Тоска ее заглохла сама собой, как замирает к ночи шум, доносящийся с городских магистралей, замирает, точно отчаявшись. Только один крик вырвался у нее, когда палец сжало слишком тугое поблекшее от времени кольцо, доставшееся Ицхаку от какой-то из прабабок.

Наутро после свадьбы мама пришла в их темноватую и тесноватую съемную квартиру и долго помешивала ложечкой кофе в чашке. Время от времени пристально смотрела на Двору, точно хотела начать какой-то разговор, — но не решалась: снова опускала глаза и сосредоточенно помешивала кофе. Она сказал только:

— Можешь не рассчитывать на большую семью. И на легкую жизнь тоже.

И печально улыбнулась.

Каждый месяц, в положенный день, Лейла-Двора ходила в микву, совершать ритуальное омовение после двух «нечистых» недель, в течение которых муж не мог к ней прикасаться. Шесть дней кровотечения, да еще семь чистых. И каждый раз она надеялась, что уж на следующий месяц ей здесь появляться не придется. И каждый месяц, пятнадцатого или семнадцатого числа, при полной луне выходила из низкого здания миквы, и в кармане у нее грустно позвякивал ключ от всегда холодного дома.

Ицхак начал хмуриться на третьем месяце семейной жизни. Впрочем, обаяшкой он никогда не был. Если у Лейлы-Дворы только лоб и брови выражали некую тайную, плохо скрытую заботу, то муж ее шел по миру с лицом серьезным и сосредоточенным, шляпа надвинута на глаза, сухие губы сжаты. Скорее всего, он копировал тысячи виденных им достойных образцов с улочек Меа-Шеарим. Тут ему очень помогало то, что природный характер его не вступал в противоречие с этими образцами, скорее наоборот.

Лейла-Двора старалась. Все дни ее были заняты попытками сделать, как нужно. Скатерть расстелить как положено; пододеяльники погладить, как завещала его незабвенная бабушка, светлая ей память; рыбу приготовить именно так, как муж любит, да — прежде всего выбрать ту, где костей поменьше, а она, недотепа, никогда не умела это делать «на глазок». Поэтому Ицхак все морщился и хмурился. Он редко жаловался вслух, но Лейла все понимала и знала, что ей не суждено удержать своего единственного счастья, хмурого и бледного, но уж хоть такого. Она почему-то была уверена, что другого ей на роду не написано. И вот однажды он сказал:

— Ты мне, наверное, не подходишь. Во всех отношениях.

Лейла-Двора стояла над кастрюлей бульона, который снова получился неправильного цвета, не золотистого. Половник вывалился у нее из рук и неуклюже откатился на несколько шагов, поблескивая жирной от супа округлой пастью.

Они всегда были для соседей «той семьей, со странными именами». Маму звали Батя-Шошана. Но так ее никто не называл. А называли попросту Шоши. Ей это очень подходило в молодости, когда она была юркой и тонкой с блестящими огромными темными глазами. С возрастом же, когда мама высохла и померкла, «Шоши» стало звучать уже не как шелест свежих листьев, а как быстрый шорох юркнувшей в подпол мыши.

А еще они были «той семьей, где время от времени кто-то исчезает». Бесследно. Впрочем, оба обстоятельства были не настолько серьезны, чтобы окончательно испортить отношения с хозяевами близлежащих лавочек, соседями и профессиональными свахами. Лейла-Двора мало знала о странностях, окружавших ее семью.
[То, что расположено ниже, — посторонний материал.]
(* Let S = {p0,...,pk} be affinely independent, q = p0 the apex and S - {q} the opposite facet,
   with foot pbar = orthogonal projection of q onto aff(S - {q}) and altitude n = q - pbar.
   The gradient g of an interpolant on S splits orthogonally as g = gF + c n, where gF is the
   gradient on the facet; raising the value at q by delta only changes c into c + delta/|n|^2.
   Hence |g|^2 = |gF|^2 + C^2 and |g'|^2 = |gF|^2 + (C + delta/|n|)^2 with C = c |n|.
   Minimality of the apex value forces g . (q - u) <= 0 for every u in the facet, which bounds
   C |n| <= |gF| |pbar - u|.  An elementary real inequality then yields |g'| < sigma whenever
   |gF| |q - u| <= (1 - eps) sigma |n|; choosing u = pbar (foot inside the facet) or u = the point
   of the facet closest to pbar (where |n| / |q - u| is the sine of the angle at u) gives the two
   parts of the theorem. *)

(* Edge vectors of a point set; their span is the direction space of its affine hull. *)
abbreviation edge_vectors :: "'a::euclidean_space set \<Rightarrow> 'a set" where
  "edge_vectors S \<equiv> {x - y | x y. x \<in> S \<and> y \<in> S}"
text \<open>Excedances being paired in increasing order, \<open>p\<close> maps the excedances up to \<open>e\<close>
  exactly onto the deficiencies up to \<open>p e\<close>.\<close>

lemma count_deficiencies_at_partner_eq_count_excedances:
  assumes "1 \<le> e" "e \<le> m" "e < p e"
  shows "count_upto deficiency (p e) = count_upto excedance e"
proof -
  have pe: "p e \<le> m" using range_bound assms by simp
  have "p ` {t \<in> {1..e}. excedance t} = {t \<in> {1..p e}. deficiency t}"
  proof (intro equalityI subsetI)
    fix y assume "y \<in> p ` {t \<in> {1..e}. excedance t}"
    then obtain t where t: "y = p t" "1 \<le> t" "t \<le> e" "t < p t" by (auto simp: excedance_def)
    have "p t \<le> p e" using excedances_increasing[of t e] t assms by (cases "t = e") auto
    moreover have "p (p t) = t" using invol t assms by simp
    ultimately show "y \<in> {t \<in> {1..p e}. deficiency t}" using t by (auto simp: deficiency_def)
  next
    fix t assume "t \<in> {t \<in> {1..p e}. deficiency t}"
    then have t: "1 \<le> t" "t \<le> p e" "p t < t" by (auto simp: deficiency_def)
    have ppt: "1 \<le> p t" "p (p t) = t" using range_bound invol t pe by auto
    have "p t \<le> e"
    proof (rule ccontr)
      assume "\<not> p t \<le> e"
      then show False
        using excedances_increasing[of e "p t"] assms ppt t range_bound[of t] pe by simp
    qed
    then have "p t \<in> {t \<in> {1..e}. excedance t}" using t ppt by (simp add: excedance_def)
    then show "t \<in> p ` {t \<in> {1..e}. excedance t}" using ppt(2) by (metis image_eqI)
  qed
  moreover have "inj_on p {t \<in> {1..e}. excedance t}" using inj_app by (auto intro: inj_onI)
  ultimately show ?thesis unfolding count_upto_def using card_image by fastforce
qed

end

definition run_ends :: "nat set \<Rightarrow> nat set" where
  "run_ends S = {i \<in> S. Suc i \<notin> S}"

locale ic321_even_length = ic321_involution "2*n" p for n :: nat and p :: "nat \<Rightarrow> nat" +
  fixes S :: "nat set"
  defines S_def: "S \<equiv> {i \<in> {1..n}. i < p i}"
begin

lemma mirror: assumes "1 \<le> i" "i \<le> 2*n" shows "p (2*n+1-i) = 2*n+1 - p i"
proof -
  have "p i + p (2*n+1-i) = 2*n+1"
    using IC assms unfolding ICinv321_def centrosymmetric_def by auto
  then show ?thesis by simp
qed

text \<open>Inductively, the excedances and deficiencies before \<open>i\<close> are the up and down steps, so
  the surplus of excedances before \<open>i\<close> is the level; and \<open>i \<notin> S\<close> is a deficiency exactly when
  that surplus is positive.\<close>

lemma deficiency_iff_down_step_first_half:
  assumes "1 \<le> i" "i \<le> n" shows "p i < i \<longleftrightarrow> down_step n S i"
  using assms
proof (induction i rule: less_induct)
  case (less i)
  have "count_upto excedance (i-1) = count_upto (up_step n S) (i-1)"
    by (rule count_upto_cong) (use less.prems in \<open>auto simp: excedance_def up_step_def S_def\<close>)
  moreover have "count_upto deficiency (i-1) = count_upto (down_step n S) (i-1)"
    by (rule count_upto_cong) (use less in \<open>auto simp: deficiency_def\<close>)
  moreover have "count_upto (up_step n S) (i-1) = count_upto (down_step n S) (i-1) + level S (i-1)"
    using count_up_eq_count_down_plus_level[of "i-1" n S] less.prems by (auto simp: sym_level_def)
  ultimately have counts: "count_upto deficiency (i-1) + level S (i-1) = count_upto excedance (i-1)"
    by simp
  consider "p i < i" | "p i = i" | "i < p i" by linarith
  then show ?case
  proof cases
    case 1
    then show ?thesis
      using count_deficiencies_less_excedances_before_deficiency[of i] counts less.prems
      by (simp add: down_step_def S_def)
  next
    case 2
    then show ?thesis
      using count_excedances_le_deficiencies_before_fixed_point[of i] counts less.prems
      by (simp add: down_step_def S_def)
  next
    case 3
    then show ?thesis using less.prems by (simp add: down_step_def S_def)
  qed
qed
Со времен прабабки Майян никто не уходил в ночь, только непонятные имена напоминали о странном то ли проклятии, то ли пророчестве, произнесенном много поколений назад.

С начала зимы мама вела себя очень странно. Она приходила каждый день и часами сидела на кухне, наблюдая за работой Лейлы. Помочь дочери Шоши никогда не пыталась. Просто сидела на табурете, подперев голову сухой рукой, и молчала.
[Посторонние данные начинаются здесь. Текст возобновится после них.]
lemma ln_h_le:
  assumes m: "2 \<le> m" "real m / 2 < real d" "d \<le> m"
    and N: "0 < N" and \<alpha>: "0 < \<alpha>" "\<alpha> < 1/2"
  shows "ln (h m d N \<alpha>)
      \<le> ln (real N) - (\<Sum>j=nat \<lceil>real N * \<alpha>\<rceil>..N div 2. ln (g_real m d (real j / real N)))"
proof -
  interpret md_chain m d N using m N by unfold_locales
  define c where "c = nat \<lceil>real N * \<alpha>\<rceil>"
  define K where "K = N div 2"
  have Na: "0 < real N * \<alpha>" "real N * \<alpha> < real N / 2" using N \<alpha> by auto
  hence c: "0 < c" "c \<le> Suc K" "real c < real N * \<alpha> + 1" and K: "K < N"
    using N unfolding c_def K_def by linarith+
  have ratio_ge1: "1 \<le> ratio j" if "0 < j" "j < c" for j
  proof -
    have "real j < real N / 2" using that c Na by linarith
    hence "real j / real N < 1/2" using N by (simp add: divide_less_eq)
    thus ?thesis using that c K m N g_real_gt_1[of "real j / real N" m d] ratio_eq_g_real[of j] by simp
  qed
  have ratio_g: "ratio j = g_real m d (real j / real N)" "0 < ratio j" if "c \<le> j" "j \<le> K" for j
    using that c K m ratio_eq_g_real[of j] g_real_pos[of "real j / real N" d m] by auto
  define Q where "Q = (\<Prod>j=c..K. ratio j)"
  have Q: "0 < Q" unfolding Q_def using ratio_g by (auto intro!: prod_pos)
  have "ln Q = (\<Sum>j=c..K. ln (ratio j))"
    unfolding Q_def using ratio_g(2) by (intro ln_prod) (auto dest: less_imp_neq[OF ratio_g(2)])
  hence ln_Q: "ln Q = (\<Sum>j=c..K. ln (g_real m d (real j / real N)))"
    using ratio_g by simp
  have "0 < h m d N \<alpha>" "h m d N \<alpha> \<le> real c / Q"
    using h_pos_le_hit_prob[of \<alpha>] hit_prob_le_div_prod_ratio[OF c(1,2) K ratio_ge1 ratio_g(2)] \<alpha>
    unfolding c_def Q_def by auto
  hence "ln (h m d N \<alpha>) \<le> ln (real c / Q)"
    by (intro ln_mono) auto
  also have "\<dots> = ln (real c) - ln Q"
    using Q c by (simp add: ln_div)
  also have "ln (real c) \<le> ln (real N)" using c K by simp
  finally show ?thesis using ln_Q unfolding c_def K_def by simp
qed

section \<open>Riemann sums\<close>

lemma integral_le_right_riemann_sum:
  fixes F :: "real \<Rightarrow> real"
  assumes N: "0 < N" and "s \<le> t"
    and cont: "continuous_on {real s / real N..real t / real N} F"
    and close: "\<And>x j. s < j \<Longrightarrow> j \<le> t \<Longrightarrow> real (j-1) / real N \<le> x \<Longrightarrow> x \<le> real j / real N
                  \<Longrightarrow> F x \<le> F (real j / real N) + e"
  shows "integral {real s / real N..real t / real N} F \<le> (\<Sum>j=s+1..t. F (real j / real N) + e) / real N"
proof -
  have grid_mono: "real i / real N \<le> real j / real N" if "i \<le> j" for i j
    using that by (simp add: divide_right_mono)
  have "integral {real s / real N..real n / real N} F \<le> (\<Sum>j=s+1..n. F (real j / real N) + e) / real N"
    if "s \<le> n" "n \<le> t" for n
    using that
  proof (induction n rule: dec_induct)
    case base
    thus ?case by simp
  next
    case (step n)
    define u v where "u = real n / real N" and "v = real (Suc n) / real N"
    have uv: "real s / real N \<le> u" "u \<le> v" "v \<le> real t / real N" "v - u = 1 / real N"
      using step grid_mono[of s n] grid_mono[of n "Suc n"] grid_mono[of "Suc n" t]
      unfolding u_def v_def by (auto simp: diff_divide_distrib[symmetric])
    have "F integrable_on {real s / real N..v}"
      using uv by (intro integrable_continuous_interval continuous_on_subset[OF cont]) auto
    hence "integral {real s / real N..v} F = integral {real s / real N..u} F + integral {u..v} F"
      by (rule Henstock_Kurzweil_Integration.integral_combine[OF uv(1,2), symmetric])
    also have "integral {u..v} F \<le> integral {u..v} (\<lambda>_. F v + e)"
      using uv step close[of "Suc n"]
      by (intro integral_le integrable_continuous_interval continuous_on_subset[OF cont])
         (auto simp: u_def v_def)
    also have "\<dots> = (F v + e) / real N"
      using uv by simp
    finally show ?case
      using step uv by (simp add: add_divide_distrib v_def u_def)
  qed
  thus ?thesis using assms by simp
qed

lemma integral_le_riemann_sum_plus_error:
  fixes F :: "real \<Rightarrow> real"
  assumes cont: "continuous_on {a..b} F" and bound: "\<And>x. x \<in> {a..b} \<Longrightarrow> \<bar>F x\<bar> \<le> M"
    and close: "\<And>x y. x \<in> {a..b} \<Longrightarrow> y \<in> {a..b} \<Longrightarrow> \<bar>x - y\<bar> \<le> 1 / real N \<Longrightarrow> F x \<le> F y + e"
    and "0 \<le> a" "0 \<le> e" "0 < N" "2 \<le> real N * (b - a)"
  shows "integral {a..b} F
      \<le> (\<Sum>j=nat \<lceil>real N * a\<rceil>..nat \<lfloor>real N * b\<rfloor>. F (real j / real N)) / real N
         + 3 * M / real N + (b - a) * e"
proof -
  define c K where "c = nat \<lceil>real N * a\<rceil>" and "K = nat \<lfloor>real N * b\<rfloor>"
  have Nr: "0 < real N" using assms by simp
  have "0 < real N * (b - a)" using assms by linarith
  hence "a < b" using Nr by (simp add: zero_less_mult_iff)
  have "real c = of_int \<lceil>real N * a\<rceil>" "real K = of_int \<lfloor>real N * b\<rfloor>"
    using assms \<open>a < b\<close> unfolding c_def K_def by simp_all
  hence c: "real N * a \<le> real c" "real c < real N * a + 1"
    and K: "real K \<le> real N * b" "real N * b < real K + 1"
    by linarith+
  have "2 \<le> real N * b - real N * a" using assms by (simp add: right_diff_distrib)
  hence cK: "c < K" using c K by linarith
  have "real c / real N - a = (real c - real N * a) / real N"
    "b - real K / real N = (real N * b - real K) / real N"
    using Nr by (simp_all add: field_simps)
  hence "real c / real N - a \<le> 1 / real N" "b - real K / real N \<le> 1 / real N"
    "real c / real N \<le> real K / real N"
    using c K cK Nr by (auto simp: divide_right_mono)
  moreover have "a \<le> real c / real N" "real K / real N \<le> b"
    using c K Nr by (simp_all add: le_divide_eq divide_le_eq mult.commute)
  ultimately have grid: "a \<le> real c / real N" "real c / real N - a \<le> 1 / real N"
    "real K / real N \<le> b" "b - real K / real N \<le> 1 / real N" "real c / real N \<le> real K / real N"
    by auto
  have edge: "integral {u..v} F \<le> M / real N" if "a \<le> u" "u \<le> v" "v \<le> b" "v - u \<le> 1 / real N" for u v
  proof -
    have "norm (integral {u..v} F) \<le> M * (v - u)"
      using that bound by (intro integral_bound continuous_on_subset[OF cont]) auto
    also have "\<dots> \<le> M / real N"
      using that bound[of a] mult_left_mono[OF that(4), of M] by auto
    finally show ?thesis by simp
  qed
  have integrable: "F integrable_on {u..v}" if "a \<le> u" "v \<le> b" for u v
    using that by (intro integrable_continuous_interval continuous_on_subset[OF cont]) auto
  have "integral {real c / real N..real K / real N} F \<le> (\<Sum>j=c+1..K. F (real j / real N) + e) / real N"
  proof (rule integral_le_right_riemann_sum)
    show "continuous_on {real c / real N..real K / real N} F"
      using grid by (intro continuous_on_subset[OF cont]) auto
    fix x j assume j: "c < j" "j \<le> K" "real (j-1) / real N \<le> x" "x \<le> real j / real N"
    have "real c / real N \<le> real (j-1) / real N" "real j / real N \<le> real K / real N"
      using j Nr by (simp_all add: divide_right_mono)
    moreover have "real j / real N - x \<le> 1 / real N"
      using j by (simp add: of_nat_diff diff_divide_distrib)
    ultimately show "F x \<le> F (real j / real N) + e"
      using j grid by (intro close) auto
  qed (use assms cK in auto)
  also have "\<dots> = ((\<Sum>j=c..K. F (real j / real N)) - F (real c / real N)
                 + (real K - real c) * e) / real N"
    using cK by (simp add: sum.distrib sum.atLeast_Suc_atMost of_nat_diff)
  also have "\<dots> = (\<Sum>j=c..K. F (real j / real N)) / real N - F (real c / real N) / real N
                 + (real K - real c) / real N * e"
    by (simp add: add_divide_distrib diff_divide_distrib algebra_simps)
  also have "\<dots> \<le> (\<Sum>j=c..K. F (real j / real N)) / real N + M / real N + (b - a) * e"
  proof -
    have "- F (real c / real N) \<le> M"
      using bound[of "real c / real N"] grid by auto
    hence "- F (real c / real N) / real N \<le> M / real N"
      using Nr by (intro divide_right_mono) auto
    moreover have "(real K - real c) / real N * e \<le> (b - a) * e"
      using grid assms by (intro mult_right_mono) (auto simp: diff_divide_distrib)
    ultimately show ?thesis by linarith
  qed
  finally have middle: "integral {real c / real N..real K / real N} F
      \<le> (\<Sum>j=c..K. F (real j / real N)) / real N + M / real N + (b - a) * e" .
  have "integral {a..b} F = integral {a..real c / real N} F
      + integral {real c / real N..real K / real N} F + integral {real K / real N..b} F"
    using grid integrable by (simp add: Henstock_Kurzweil_Integration.integral_combine)
  also have "\<dots> \<le> (\<Sum>j=c..K. F (real j / real N)) / real N + 3 * M / real N + (b - a) * e"
    using edge[of a "real c / real N"] edge[of "real K / real N" b] middle grid by simp
  finally show ?thesis unfolding c_def K_def .
qed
Один раз, в короткую пятницу перед заходом шабата, когда Лейла дула на обожженные впопыхах пальцы, Шоши сказала тихонько:

— Сколько ни дуй, не убережешь… А мне пора уже, верно.

Шабатная ночь выдалась бурной, дождливой и ветреной. Верхушки деревьев трещали натужно; рваные облака сталкивались краями в сумрачном небе; свет фонарей казался мертвенным от постоянной пелены дождя; запахи рыбы и подгнивших фруктов, доносящиеся от магазинов, обострились. В эту ночь Шоши вышла из дому, накинув на голову большую полиэтиленовую накидку — плащ. Вышла и не вернулась больше.

Это событие определило решение Ицхака, до того не до конца ясное.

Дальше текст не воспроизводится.